William Bradford, Governor of Plymouth Colony, wrote of the Pilgrims’ (Reformers) cause in his diaries:

“The one side [the Reformers] laboured to have ye right worship of God & discipline of Christ established in ye church, according to ye simplicitie of ye gospell, without the mixture of mens inventions, and to have & to be ruled by ye laws of Gods word, dispensed in those offices, & by those officers of Pastors, Teachers, & Elders, &c. according to ye Scripturs.

The other partie [the Church of England], though under many colours & pretences, endevored to have ye episcopall dignitie (affter ye popish maner) with their large power & jurisdiction still retained; with all those courts, cannons, & ceremonies, togeather with all such livings, revenues, & subordinate officers, with other such means as formerly upheld their antichristian greatnes, and enabled them with lordly & tyranous power to persecute ye poore servants of God.”

Remember, Jamestown is officially founded years before by the Crown and the Church of England with all their dictatorial trappings. This is literally what the Pilgrims are later escaping with their families in their first voyage to Holland. After a while in the Netherlands, though, the Pilgrims’ arrangements for safe co-existence were beginning to fall apart and plans for the fateful trip to the New World begin to take shape.

As opposed to the mostly male excursions of conquest to the New World, the Pilgrims’ voyage was different in that it was made up entirely of families —  meaning lots of women and children on a two months long transatlantic voyage. It was an incredible commitment and risk, but they were confident they honored God with their quest for liberty.

Where the ships heading for Jamestown may have been filled with supplies to find gold, the Pilgrims dedicated precious space aboard the Mayflower to books. They brought over 400 books, a veritable library in that time. Bradford references Plato when describing the ‘vanity of that conceit’ of holding property collectively (socialism). It was with their families that they discussed such philosophy, challenged ideas, and worked toward a more perfect understanding of God’s creation.
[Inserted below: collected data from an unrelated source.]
definition poly_ring :: "'a::comm_ring_1 set \<Rightarrow> nat \<Rightarrow> 'a mpoly set" where
  "poly_ring K n = {p. (\<forall>m. Poly_Mapping.lookup p m \<in> K) \<and> (\<forall>m\<in>Poly_Mapping.keys p. Poly_Mapping.keys m \<subseteq> {1..n})}"

text \<open>K_l = free A-module with basis e_I, I \<subseteq> {1..n}, |I| = l; elements are coefficient
  functions on subsets.\<close>
definition kz_mod :: "nat \<Rightarrow> nat \<Rightarrow> (nat set \<Rightarrow> 'a::comm_ring_1) set" where
  "kz_mod n l = {m. \<forall>I. m I \<noteq> 0 \<longrightarrow> I \<subseteq> {1..n} \<and> card I = l}"

text \<open>d(e_I) = \<Sum>_r (-1)^(r-1) y_{i_r} e_{I - i_r}; written via the coefficient of e_K.\<close>
definition kz_d :: "nat \<Rightarrow> (nat \<Rightarrow> 'a::comm_ring_1) \<Rightarrow> (nat set \<Rightarrow> 'a) \<Rightarrow> (nat set \<Rightarrow> 'a)" where
  "kz_d n y m = (\<lambda>K. \<Sum>i\<in>{1..n} - K. (- 1) ^ card {j\<in>K. j < i} * y i * m (insert i K))"

definition koszul_regular :: "nat \<Rightarrow> (nat \<Rightarrow> 'a::comm_ring_1) \<Rightarrow> bool" where
  "koszul_regular n y \<longleftrightarrow> (\<forall>l\<ge>1. \<forall>m\<in>kz_mod n l. kz_d n y m = (\<lambda>_. 0) \<longrightarrow>
      (\<exists>m'\<in>kz_mod n (Suc l). kz_d n y m' = m))"

text \<open>Elements \<Sum> a_i \<Theta>^i are represented by 'a poly (left coefficients);
  multiplication (a \<Theta>^i)(b \<Theta>^j) = a \<Phi>^i(b) \<Theta>^(i+j).\<close>
definition skmult :: "('a::comm_ring_1 \<Rightarrow> 'a) \<Rightarrow> 'a poly \<Rightarrow> 'a poly \<Rightarrow> 'a poly" where
  "skmult \<Phi> p q = (\<Sum>i\<le>degree p. monom (coeff p i) i * map_poly (\<Phi> ^^ i) q)"

text \<open>Action of A[\<Theta>;\<Phi>] on A (hence on A/I_n): \<Theta> acts by \<Phi>.\<close>
definition skact :: "('a::comm_ring_1 \<Rightarrow> 'a) \<Rightarrow> 'a poly \<Rightarrow> 'a \<Rightarrow> 'a" where
  "skact \<Phi> c a = (\<Sum>i\<le>degree c. coeff c i * (\<Phi> ^^ i) a)"

text \<open>Basis of FK_l: (I, False) stands for e_I with |I| = l, (J, True) stands for
  e_J \<and> u with |J| = l - 1.  Elements are coefficient functions into A[\<Theta>;\<Phi>].\<close>
definition fk_mod :: "nat \<Rightarrow> nat \<Rightarrow> (nat set \<times> bool \<Rightarrow> 'a::comm_ring_1 poly) set" where
  "fk_mod n l = {m. \<forall>I b. m (I, b) \<noteq> 0 \<longrightarrow> I \<subseteq> {1..n} \<and> card I + (if b then 1 else 0) = l}"

text \<open>The left-linear differential, given by the coefficient of each target basis
  element: coefficient of b' in \<partial>(\<Sum>_b c_b b) is \<Sum>_b c_b * (coefficient of b' in \<partial> b).\<close>
definition fk_d :: "nat \<Rightarrow> ('a::comm_ring_1 \<Rightarrow> 'a) \<Rightarrow> (nat \<Rightarrow> 'a) \<Rightarrow> (nat \<Rightarrow> 'a)
    \<Rightarrow> (nat set \<times> bool \<Rightarrow> 'a poly) \<Rightarrow> (nat set \<times> bool \<Rightarrow> 'a poly)" where
  "fk_d n \<Phi> y t m = (\<lambda>(K, b).
     if b then
       (\<Sum>j\<in>{1..n} - K. skmult \<Phi> (m (insert j K, True))
                           [: (- 1) ^ card {i\<in>K. i < j} * \<Phi> (y j) :])
     else
       (\<Sum>i\<in>{1..n} - K. skmult \<Phi> (m (insert i K, False))
                           [: (- 1) ^ card {j\<in>K. j < i} * y i :])
       + skmult \<Phi> (m (K, True)) (smult ((- 1) ^ card K) [: - (\<Prod>j\<in>K. t j), 1 :]))"

text \<open>Augmentation FK_0 = A[\<Theta>;\<Phi>] e_\<emptyset> \<rightarrow> A/I_n, c e_\<emptyset> \<mapsto> c \<cdot> [1] = [\<Sum> c_i];
  we record a representative in A.\<close>
definition fk_aug :: "(nat set \<times> bool \<Rightarrow> 'a::comm_ring_1 poly) \<Rightarrow> 'a" where
  "fk_aug m = poly (m ({}, False)) 1"

end

theory Submission
  imports Defs
begin

text \<open>Taking the coefficient of \<open>\<Theta>\<^sup>k\<close>, the differential of \<open>\<F>\<K>\<close> is on the \<open>e\<^sub>I\<close>-components the Koszul
  differential of the sequence \<open>\<Phi>\<^sup>k(y)\<close>, on the \<open>e\<^sub>J \<and> u\<close>-components that of \<open>\<Phi>\<^bsup>k+1\<^esup>(y)\<close>, and
  the two are coupled by \<open>\<Theta> - t\<^sub>J\<close>. Since \<open>\<Phi>(y\<^sub>i) = t\<^sub>i y\<^sub>i\<close>, the coupling anticommutes with the
  Koszul differentials, whence \<open>\<partial>\<partial> = 0\<close>. By the equational criterion, flatness of \<open>\<Phi>\<close> carries
  Koszul regularity from \<open>y\<close> to every \<open>\<Phi>\<^sup>k(y)\<close>. A cycle of positive degree is then lifted in
  two steps: its \<open>u\<close>-part is coefficientwise a Koszul boundary (in degree one because its
  coefficients lie in the ideals of the \<open>\<Phi>\<^bsup>k+1\<^esup>(y)\<close>), and the remaining cycle has no \<open>u\<close>-part and
  is lifted coefficientwise as well. In degree zero, \<open>\<partial>\<^sub>1\<close> reaches every element of \<open>I\<^sub>n\<close> because
  \<open>p(\<Theta>) - p(1)\<close> is divisible by \<open>\<Theta> - 1\<close>.\<close>

section \<open>Ring endomorphisms and the skew polynomial ring\<close>

lemma ring_hom_on_UNIV_funpow:
  fixes f :: "'a::comm_ring_1 \<Rightarrow> 'a"
  assumes "ring_hom_on UNIV f"
  shows "ring_hom_on UNIV (f ^^ k)"
  using assms by (induction k) (auto simp: ring_hom_on_def)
It was the freedom to live as families, by their own faith, that made standing against the might Church of England worth it, that made the dangerous crossing of an ocean worth it. It was their families they cared for and mourned for during those first fatal winters in America under a misguided system that arrogantly denied Man’s nature as a sovereign individual. Similarly, it was their families for which they gave thanks to God and shared their blessings when they saw the error of their ways.

The sparks that inflamed the American Revolution some 150 years later were ideas first ignited and hardened within the family unit. The family unit has, ever since, been the building block for successful communities. Though it may have changed considerably in appearance from that of our forefathers, America’s is successful to the extent that it respects and promotes not just family values, but the values of family.

So 400 years later in 2019, we Americans will gather around the table with our families to give thanks. Retail political talk and unsolicited opinions may be the least of what you are looking forward to about the holiday, but there is something to be said for the quintessentially American family discussion around the dinner table, no matter how boisterous. Those conversations — the deep and philosophical, the sentimental, and the trivial — inform who we are as individuals and as a nation. Imagine the family dinner conversations of those Pilgrims as they wrestled with fundamental dilemmas, and the history that would come from them.

All the biggest issues our nation faces, and our responses to them, will be fleshed out around millions of family conversations long before a law is passed or an election decided. With yours is large or small, a hodgepodge, or what have you, be thankful for your family and invest in it with thoughtful, reaching conversations. The dividends of such investments are manifold, as evidenced by the success of the American idea, forged by the precious family in honor of God.

Happy Thanksgiving to you and yours from First in Freedom Daily.